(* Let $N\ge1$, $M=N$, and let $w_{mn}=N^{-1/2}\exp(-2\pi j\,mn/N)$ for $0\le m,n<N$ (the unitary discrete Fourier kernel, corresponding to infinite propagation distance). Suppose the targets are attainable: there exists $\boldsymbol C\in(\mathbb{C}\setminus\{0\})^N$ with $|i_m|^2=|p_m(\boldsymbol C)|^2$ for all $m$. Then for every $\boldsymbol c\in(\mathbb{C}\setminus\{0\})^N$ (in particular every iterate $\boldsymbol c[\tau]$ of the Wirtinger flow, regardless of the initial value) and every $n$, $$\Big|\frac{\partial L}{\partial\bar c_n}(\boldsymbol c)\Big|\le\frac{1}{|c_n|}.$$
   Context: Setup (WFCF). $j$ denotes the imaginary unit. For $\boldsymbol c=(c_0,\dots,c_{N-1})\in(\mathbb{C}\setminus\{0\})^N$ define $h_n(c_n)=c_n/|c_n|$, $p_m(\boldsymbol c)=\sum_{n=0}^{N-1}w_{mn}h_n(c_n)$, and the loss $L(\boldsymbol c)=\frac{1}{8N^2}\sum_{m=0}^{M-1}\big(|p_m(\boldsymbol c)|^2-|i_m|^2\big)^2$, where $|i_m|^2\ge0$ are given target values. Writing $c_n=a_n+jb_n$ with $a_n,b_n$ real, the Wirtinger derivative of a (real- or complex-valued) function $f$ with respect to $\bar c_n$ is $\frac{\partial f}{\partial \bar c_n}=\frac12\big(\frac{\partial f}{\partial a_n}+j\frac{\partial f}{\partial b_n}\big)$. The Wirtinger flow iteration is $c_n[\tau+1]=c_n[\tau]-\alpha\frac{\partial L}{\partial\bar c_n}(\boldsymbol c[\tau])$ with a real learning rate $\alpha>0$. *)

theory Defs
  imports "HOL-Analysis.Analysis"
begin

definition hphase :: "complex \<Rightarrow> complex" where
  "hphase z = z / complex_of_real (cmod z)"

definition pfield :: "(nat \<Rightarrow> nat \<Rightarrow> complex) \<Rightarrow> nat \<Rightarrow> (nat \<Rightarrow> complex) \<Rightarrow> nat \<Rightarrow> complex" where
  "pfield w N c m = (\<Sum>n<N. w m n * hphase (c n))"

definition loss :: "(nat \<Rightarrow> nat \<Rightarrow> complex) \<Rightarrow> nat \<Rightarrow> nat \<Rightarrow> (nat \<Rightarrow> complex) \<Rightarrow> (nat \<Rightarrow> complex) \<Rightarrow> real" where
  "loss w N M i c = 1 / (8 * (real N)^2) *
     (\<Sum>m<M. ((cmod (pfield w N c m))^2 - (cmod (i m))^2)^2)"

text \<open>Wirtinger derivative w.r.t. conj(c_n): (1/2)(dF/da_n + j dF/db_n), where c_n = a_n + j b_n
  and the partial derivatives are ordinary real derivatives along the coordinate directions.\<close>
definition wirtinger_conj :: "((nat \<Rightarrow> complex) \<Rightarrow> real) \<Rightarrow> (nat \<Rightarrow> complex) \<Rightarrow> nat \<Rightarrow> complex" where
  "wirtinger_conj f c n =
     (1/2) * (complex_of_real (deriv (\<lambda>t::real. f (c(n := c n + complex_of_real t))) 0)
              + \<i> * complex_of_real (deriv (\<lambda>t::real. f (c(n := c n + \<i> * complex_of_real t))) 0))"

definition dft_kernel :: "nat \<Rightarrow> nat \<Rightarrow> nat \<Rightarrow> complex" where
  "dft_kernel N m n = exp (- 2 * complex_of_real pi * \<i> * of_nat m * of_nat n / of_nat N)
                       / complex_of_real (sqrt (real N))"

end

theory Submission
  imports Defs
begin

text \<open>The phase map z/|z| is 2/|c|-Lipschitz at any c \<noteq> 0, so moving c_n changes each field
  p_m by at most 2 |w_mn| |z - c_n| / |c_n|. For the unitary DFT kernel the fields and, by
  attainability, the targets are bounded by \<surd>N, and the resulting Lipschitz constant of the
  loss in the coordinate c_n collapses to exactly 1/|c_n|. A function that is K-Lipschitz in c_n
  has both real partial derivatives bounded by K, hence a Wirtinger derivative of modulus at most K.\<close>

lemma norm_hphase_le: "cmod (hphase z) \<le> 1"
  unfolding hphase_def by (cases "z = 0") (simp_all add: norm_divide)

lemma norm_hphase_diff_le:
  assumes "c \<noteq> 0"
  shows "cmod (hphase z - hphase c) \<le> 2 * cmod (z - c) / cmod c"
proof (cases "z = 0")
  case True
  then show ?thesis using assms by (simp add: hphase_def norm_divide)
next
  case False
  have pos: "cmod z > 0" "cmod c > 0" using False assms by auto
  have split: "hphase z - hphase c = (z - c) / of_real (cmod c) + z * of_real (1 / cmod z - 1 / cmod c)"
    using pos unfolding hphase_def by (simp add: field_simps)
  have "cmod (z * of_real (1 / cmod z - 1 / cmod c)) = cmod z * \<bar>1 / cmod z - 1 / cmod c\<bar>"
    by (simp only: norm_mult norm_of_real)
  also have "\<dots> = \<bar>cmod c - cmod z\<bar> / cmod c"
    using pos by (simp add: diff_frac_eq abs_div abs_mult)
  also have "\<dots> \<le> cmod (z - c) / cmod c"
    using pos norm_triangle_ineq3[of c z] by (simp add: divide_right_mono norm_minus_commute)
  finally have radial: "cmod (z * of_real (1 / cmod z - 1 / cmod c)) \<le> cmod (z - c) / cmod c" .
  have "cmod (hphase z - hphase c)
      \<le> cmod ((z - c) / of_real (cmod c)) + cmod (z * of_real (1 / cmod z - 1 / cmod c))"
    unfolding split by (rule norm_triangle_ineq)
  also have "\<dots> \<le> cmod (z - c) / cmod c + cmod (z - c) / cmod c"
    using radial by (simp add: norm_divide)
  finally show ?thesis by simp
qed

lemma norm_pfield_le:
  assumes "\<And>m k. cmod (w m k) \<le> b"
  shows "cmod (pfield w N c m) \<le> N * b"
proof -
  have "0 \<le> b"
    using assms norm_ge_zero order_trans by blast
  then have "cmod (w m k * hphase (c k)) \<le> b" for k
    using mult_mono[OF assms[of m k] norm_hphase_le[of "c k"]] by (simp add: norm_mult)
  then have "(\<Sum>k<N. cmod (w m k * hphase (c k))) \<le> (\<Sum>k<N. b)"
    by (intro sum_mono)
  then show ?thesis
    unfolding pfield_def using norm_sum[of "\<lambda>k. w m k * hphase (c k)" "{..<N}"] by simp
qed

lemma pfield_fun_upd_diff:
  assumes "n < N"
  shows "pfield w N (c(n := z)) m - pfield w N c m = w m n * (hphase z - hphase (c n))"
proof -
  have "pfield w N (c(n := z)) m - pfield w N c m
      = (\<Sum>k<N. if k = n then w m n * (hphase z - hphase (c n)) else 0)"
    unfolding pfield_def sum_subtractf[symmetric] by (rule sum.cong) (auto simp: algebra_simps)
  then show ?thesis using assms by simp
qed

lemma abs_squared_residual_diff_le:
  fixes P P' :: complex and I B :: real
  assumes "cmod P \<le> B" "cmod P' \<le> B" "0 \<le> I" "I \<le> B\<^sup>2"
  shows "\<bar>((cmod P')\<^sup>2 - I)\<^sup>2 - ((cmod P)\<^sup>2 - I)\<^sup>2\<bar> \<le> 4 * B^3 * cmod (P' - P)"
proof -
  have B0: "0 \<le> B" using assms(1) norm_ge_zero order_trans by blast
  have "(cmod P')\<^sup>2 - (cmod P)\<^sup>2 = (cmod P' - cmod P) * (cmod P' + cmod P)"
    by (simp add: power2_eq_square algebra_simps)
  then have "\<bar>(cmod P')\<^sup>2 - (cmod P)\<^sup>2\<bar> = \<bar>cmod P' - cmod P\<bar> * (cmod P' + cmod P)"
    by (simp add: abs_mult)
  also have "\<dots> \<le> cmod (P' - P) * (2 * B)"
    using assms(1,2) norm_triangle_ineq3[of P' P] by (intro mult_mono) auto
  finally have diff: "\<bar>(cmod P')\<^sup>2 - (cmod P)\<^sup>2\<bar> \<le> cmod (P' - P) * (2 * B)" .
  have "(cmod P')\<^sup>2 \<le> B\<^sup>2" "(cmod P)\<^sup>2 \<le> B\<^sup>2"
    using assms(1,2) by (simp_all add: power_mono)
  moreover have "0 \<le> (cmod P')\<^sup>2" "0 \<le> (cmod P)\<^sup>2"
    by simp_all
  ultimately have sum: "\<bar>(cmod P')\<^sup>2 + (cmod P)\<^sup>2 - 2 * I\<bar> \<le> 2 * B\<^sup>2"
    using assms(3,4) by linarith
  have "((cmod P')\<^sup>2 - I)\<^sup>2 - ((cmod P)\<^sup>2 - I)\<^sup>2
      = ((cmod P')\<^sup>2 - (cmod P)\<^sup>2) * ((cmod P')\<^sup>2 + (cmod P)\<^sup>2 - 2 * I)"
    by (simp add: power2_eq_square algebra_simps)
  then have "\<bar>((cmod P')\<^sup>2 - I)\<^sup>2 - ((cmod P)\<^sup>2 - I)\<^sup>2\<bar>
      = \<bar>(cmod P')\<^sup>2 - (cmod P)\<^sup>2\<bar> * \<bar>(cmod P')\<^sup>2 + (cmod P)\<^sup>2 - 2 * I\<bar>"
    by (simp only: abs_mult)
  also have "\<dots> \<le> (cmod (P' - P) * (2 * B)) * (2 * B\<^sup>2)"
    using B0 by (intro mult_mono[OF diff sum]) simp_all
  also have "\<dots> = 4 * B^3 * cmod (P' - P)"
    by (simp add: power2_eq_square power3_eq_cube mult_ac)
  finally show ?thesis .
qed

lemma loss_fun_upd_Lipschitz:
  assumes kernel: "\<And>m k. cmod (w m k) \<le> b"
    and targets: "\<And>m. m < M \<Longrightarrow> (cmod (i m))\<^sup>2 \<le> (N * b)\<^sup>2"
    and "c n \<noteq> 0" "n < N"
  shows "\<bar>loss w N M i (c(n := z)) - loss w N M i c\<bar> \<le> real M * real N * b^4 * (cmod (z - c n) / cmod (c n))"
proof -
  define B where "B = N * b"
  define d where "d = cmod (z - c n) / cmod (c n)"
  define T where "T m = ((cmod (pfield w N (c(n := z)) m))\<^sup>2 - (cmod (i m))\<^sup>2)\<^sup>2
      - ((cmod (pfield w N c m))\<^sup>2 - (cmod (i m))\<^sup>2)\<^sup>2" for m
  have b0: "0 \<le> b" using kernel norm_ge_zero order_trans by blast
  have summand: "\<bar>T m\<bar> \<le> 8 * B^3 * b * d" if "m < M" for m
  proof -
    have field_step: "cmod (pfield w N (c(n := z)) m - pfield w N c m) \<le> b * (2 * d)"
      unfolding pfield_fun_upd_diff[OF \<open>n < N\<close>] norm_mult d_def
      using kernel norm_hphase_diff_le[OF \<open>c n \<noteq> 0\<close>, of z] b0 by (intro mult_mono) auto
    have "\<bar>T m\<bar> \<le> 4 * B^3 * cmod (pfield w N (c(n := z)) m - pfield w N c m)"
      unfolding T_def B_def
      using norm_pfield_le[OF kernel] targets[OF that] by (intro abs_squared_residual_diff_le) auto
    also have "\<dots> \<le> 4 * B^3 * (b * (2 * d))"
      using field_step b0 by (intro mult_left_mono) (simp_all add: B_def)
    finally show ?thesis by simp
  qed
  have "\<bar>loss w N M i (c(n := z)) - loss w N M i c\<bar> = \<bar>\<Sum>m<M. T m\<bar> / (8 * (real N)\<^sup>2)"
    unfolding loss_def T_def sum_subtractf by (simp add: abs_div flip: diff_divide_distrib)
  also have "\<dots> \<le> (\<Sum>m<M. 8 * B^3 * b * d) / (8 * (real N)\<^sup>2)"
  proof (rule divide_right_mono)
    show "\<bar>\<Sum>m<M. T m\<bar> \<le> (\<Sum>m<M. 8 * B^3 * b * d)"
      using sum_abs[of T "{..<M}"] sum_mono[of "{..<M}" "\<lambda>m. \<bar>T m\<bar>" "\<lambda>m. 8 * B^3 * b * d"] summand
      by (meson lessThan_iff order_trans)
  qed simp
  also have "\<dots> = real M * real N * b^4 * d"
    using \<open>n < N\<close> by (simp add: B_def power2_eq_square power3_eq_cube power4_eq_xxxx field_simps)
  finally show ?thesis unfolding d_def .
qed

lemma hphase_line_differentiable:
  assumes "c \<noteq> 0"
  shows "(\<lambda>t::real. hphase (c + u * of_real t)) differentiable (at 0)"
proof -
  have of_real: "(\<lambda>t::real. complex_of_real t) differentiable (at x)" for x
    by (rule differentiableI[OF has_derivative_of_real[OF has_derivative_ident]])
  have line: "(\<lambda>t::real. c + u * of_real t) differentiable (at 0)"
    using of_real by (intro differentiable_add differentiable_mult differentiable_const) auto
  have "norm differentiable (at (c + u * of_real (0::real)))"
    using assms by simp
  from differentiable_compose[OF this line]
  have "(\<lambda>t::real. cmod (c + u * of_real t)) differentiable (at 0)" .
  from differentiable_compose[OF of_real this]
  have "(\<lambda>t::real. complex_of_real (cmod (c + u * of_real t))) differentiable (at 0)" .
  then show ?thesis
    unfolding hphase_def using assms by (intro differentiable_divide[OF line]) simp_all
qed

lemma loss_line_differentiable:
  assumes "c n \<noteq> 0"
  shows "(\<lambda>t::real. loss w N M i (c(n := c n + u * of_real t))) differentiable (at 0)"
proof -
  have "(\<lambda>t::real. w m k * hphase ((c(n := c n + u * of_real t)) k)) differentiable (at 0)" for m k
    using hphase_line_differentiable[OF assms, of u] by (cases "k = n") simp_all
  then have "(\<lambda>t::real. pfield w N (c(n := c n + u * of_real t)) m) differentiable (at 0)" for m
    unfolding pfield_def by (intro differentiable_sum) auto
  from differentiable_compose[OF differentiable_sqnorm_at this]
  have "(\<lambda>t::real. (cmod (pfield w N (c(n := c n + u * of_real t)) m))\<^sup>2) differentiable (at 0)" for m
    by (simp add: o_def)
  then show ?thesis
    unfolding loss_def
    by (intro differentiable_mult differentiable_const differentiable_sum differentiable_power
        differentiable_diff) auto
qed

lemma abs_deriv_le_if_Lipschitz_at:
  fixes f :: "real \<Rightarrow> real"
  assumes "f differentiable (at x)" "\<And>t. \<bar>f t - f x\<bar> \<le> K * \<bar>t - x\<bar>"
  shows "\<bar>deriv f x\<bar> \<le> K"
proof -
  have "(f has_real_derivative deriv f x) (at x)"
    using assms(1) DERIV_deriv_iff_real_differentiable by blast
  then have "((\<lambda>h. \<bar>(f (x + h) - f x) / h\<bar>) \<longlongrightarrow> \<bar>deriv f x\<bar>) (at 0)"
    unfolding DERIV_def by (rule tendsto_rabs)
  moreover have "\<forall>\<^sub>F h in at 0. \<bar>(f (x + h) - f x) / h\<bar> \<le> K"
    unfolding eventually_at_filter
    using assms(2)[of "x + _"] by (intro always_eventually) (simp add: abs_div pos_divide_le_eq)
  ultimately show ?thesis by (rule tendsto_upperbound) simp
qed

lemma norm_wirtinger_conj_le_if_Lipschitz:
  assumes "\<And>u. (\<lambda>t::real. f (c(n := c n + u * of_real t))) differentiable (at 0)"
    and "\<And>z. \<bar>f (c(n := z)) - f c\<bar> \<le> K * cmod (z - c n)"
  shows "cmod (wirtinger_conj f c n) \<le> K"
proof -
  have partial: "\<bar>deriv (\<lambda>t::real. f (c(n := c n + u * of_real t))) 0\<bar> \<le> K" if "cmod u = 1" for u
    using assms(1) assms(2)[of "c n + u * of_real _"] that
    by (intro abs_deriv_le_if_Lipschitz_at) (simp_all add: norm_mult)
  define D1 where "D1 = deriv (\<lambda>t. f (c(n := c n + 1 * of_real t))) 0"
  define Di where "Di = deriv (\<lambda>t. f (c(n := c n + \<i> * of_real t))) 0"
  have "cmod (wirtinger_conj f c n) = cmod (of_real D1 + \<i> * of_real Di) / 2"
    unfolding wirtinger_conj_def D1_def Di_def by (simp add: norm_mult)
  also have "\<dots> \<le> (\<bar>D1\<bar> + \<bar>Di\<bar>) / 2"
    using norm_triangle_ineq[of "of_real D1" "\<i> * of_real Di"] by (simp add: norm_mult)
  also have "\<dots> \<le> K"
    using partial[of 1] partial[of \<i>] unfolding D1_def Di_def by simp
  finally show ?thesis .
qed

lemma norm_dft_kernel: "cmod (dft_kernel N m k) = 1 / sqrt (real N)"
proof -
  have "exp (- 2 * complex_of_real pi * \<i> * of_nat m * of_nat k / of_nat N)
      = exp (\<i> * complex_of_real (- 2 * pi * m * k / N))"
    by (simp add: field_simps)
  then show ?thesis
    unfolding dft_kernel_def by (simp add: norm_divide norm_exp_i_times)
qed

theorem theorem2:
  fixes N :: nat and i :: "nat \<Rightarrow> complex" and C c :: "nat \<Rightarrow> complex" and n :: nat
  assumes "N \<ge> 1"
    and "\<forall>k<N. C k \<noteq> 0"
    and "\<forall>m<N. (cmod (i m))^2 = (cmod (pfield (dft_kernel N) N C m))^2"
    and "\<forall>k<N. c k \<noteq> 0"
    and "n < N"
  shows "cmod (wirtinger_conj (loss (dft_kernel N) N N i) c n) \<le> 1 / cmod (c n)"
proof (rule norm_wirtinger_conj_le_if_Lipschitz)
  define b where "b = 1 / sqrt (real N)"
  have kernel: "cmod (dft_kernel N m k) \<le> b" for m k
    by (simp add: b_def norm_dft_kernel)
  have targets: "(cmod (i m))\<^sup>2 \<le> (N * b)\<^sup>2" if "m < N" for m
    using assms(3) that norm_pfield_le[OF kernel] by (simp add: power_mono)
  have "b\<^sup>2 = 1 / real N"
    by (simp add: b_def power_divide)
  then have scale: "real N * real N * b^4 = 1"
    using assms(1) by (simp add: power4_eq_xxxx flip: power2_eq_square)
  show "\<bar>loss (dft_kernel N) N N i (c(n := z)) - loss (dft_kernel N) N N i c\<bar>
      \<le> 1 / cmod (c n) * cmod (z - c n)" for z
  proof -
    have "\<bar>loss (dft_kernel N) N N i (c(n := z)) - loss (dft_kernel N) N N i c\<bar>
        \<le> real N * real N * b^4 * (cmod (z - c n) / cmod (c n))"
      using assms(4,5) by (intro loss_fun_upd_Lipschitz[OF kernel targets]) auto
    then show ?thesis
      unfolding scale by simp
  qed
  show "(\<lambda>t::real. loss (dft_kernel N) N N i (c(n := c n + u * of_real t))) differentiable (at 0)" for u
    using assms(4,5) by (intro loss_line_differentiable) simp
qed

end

__PROBLEM DETAILS__.
I'd like the lines above from the one with "by (simp only: norm_mult norm_of_real)" up to and including the one with "using pos norm_triangle_ineq3[of" copied exactly, with no other lines.

__WRITTEN ANSWER__.
    by (simp only: norm_mult norm_of_real)
  also have "\<dots> = \<bar>cmod c - cmod z\<bar> / cmod c"
    using pos by (simp add: diff_frac_eq abs_div abs_mult)
  also have "\<dots> \<le> cmod (z - c) / cmod c"
    using pos norm_triangle_ineq3[of c z] by (simp add: divide_right_mono norm_minus_commute)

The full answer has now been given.